LISTED RECORDS: Begin

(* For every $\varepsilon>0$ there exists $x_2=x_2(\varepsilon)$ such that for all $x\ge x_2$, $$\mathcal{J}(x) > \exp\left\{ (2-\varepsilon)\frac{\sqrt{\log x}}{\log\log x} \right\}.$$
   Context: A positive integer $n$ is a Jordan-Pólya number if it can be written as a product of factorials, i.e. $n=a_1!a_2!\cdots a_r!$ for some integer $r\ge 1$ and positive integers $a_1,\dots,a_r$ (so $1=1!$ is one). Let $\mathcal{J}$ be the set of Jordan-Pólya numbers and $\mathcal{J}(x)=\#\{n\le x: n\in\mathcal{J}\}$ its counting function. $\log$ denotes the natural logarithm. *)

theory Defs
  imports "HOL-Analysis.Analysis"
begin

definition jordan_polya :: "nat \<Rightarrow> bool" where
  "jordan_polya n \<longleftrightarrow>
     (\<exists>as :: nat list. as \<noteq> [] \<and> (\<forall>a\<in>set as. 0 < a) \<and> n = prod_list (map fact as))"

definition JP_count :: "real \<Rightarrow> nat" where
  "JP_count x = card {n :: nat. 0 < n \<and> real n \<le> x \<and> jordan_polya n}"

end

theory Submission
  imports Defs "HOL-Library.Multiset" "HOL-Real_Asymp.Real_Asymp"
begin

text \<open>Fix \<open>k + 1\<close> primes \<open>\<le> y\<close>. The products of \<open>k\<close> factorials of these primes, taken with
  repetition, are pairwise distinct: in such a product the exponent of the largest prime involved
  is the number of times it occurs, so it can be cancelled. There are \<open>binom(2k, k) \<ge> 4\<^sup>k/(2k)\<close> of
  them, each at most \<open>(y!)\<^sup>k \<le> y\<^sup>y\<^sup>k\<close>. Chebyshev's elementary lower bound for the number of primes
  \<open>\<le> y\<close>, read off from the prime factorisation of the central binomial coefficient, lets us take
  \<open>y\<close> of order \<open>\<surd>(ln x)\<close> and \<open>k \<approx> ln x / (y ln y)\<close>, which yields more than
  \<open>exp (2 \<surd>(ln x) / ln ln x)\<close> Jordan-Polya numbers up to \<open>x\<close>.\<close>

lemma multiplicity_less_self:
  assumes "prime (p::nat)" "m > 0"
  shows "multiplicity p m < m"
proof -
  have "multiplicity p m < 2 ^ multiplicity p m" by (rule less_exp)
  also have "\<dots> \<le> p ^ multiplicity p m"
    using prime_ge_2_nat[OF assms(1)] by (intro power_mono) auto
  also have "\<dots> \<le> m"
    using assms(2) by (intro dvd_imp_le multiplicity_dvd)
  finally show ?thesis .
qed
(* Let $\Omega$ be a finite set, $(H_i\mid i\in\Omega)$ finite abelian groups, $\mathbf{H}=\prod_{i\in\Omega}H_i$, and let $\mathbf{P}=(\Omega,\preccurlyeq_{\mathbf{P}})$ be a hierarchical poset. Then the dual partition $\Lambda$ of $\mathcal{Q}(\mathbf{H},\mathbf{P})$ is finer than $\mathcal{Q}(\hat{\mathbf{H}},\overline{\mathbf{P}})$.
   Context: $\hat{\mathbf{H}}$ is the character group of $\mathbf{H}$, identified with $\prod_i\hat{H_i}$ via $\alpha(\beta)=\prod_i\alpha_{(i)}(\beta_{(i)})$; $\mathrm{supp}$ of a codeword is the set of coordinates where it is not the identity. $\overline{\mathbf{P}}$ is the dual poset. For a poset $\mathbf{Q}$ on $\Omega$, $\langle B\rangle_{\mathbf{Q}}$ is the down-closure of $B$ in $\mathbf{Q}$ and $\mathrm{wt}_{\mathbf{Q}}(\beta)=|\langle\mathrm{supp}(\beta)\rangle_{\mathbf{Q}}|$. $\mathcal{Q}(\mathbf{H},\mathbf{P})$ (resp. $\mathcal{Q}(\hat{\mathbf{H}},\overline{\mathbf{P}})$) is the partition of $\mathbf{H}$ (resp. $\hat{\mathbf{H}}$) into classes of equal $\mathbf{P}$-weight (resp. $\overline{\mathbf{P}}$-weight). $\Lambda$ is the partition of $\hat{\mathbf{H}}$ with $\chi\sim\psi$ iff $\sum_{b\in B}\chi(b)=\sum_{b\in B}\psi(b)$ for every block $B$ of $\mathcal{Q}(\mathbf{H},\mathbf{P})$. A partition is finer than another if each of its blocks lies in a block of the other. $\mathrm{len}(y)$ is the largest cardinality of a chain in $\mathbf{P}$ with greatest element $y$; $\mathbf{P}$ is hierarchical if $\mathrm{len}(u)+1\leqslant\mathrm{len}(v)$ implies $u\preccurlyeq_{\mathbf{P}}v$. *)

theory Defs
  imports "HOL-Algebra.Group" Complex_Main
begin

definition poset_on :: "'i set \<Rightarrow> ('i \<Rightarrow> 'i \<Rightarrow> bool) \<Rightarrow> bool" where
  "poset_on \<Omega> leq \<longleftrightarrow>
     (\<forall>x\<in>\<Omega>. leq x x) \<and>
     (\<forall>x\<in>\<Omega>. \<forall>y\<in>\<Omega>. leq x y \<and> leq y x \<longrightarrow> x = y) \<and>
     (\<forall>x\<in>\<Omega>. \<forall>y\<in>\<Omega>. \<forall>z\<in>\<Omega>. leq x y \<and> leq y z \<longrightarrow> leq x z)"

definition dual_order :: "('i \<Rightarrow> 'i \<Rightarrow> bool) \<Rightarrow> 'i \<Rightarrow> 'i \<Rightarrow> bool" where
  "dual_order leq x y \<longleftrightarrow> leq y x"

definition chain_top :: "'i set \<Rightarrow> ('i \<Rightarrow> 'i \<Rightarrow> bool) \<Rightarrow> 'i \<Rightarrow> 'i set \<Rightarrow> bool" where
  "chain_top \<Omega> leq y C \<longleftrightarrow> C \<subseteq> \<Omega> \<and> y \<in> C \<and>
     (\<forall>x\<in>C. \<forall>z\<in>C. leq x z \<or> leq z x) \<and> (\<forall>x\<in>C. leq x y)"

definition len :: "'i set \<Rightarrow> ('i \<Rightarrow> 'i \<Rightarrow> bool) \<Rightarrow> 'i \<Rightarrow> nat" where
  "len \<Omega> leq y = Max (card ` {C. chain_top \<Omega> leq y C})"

LISTED RECORDS: End

### THE PROBLEM
Retype the entries above exactly, but only from the line containing "repetition, are pairwise" through the line containing "is the number", both included.

### SOLUTION TO THIS PROBLEM
  repetition, are pairwise distinct: in such a product the exponent of the largest prime involved
  is the number of times it occurs, so it can be cancelled. There are \<open>binom(2k, k) \<ge> 4\<^sup>k/(2k)\<close> of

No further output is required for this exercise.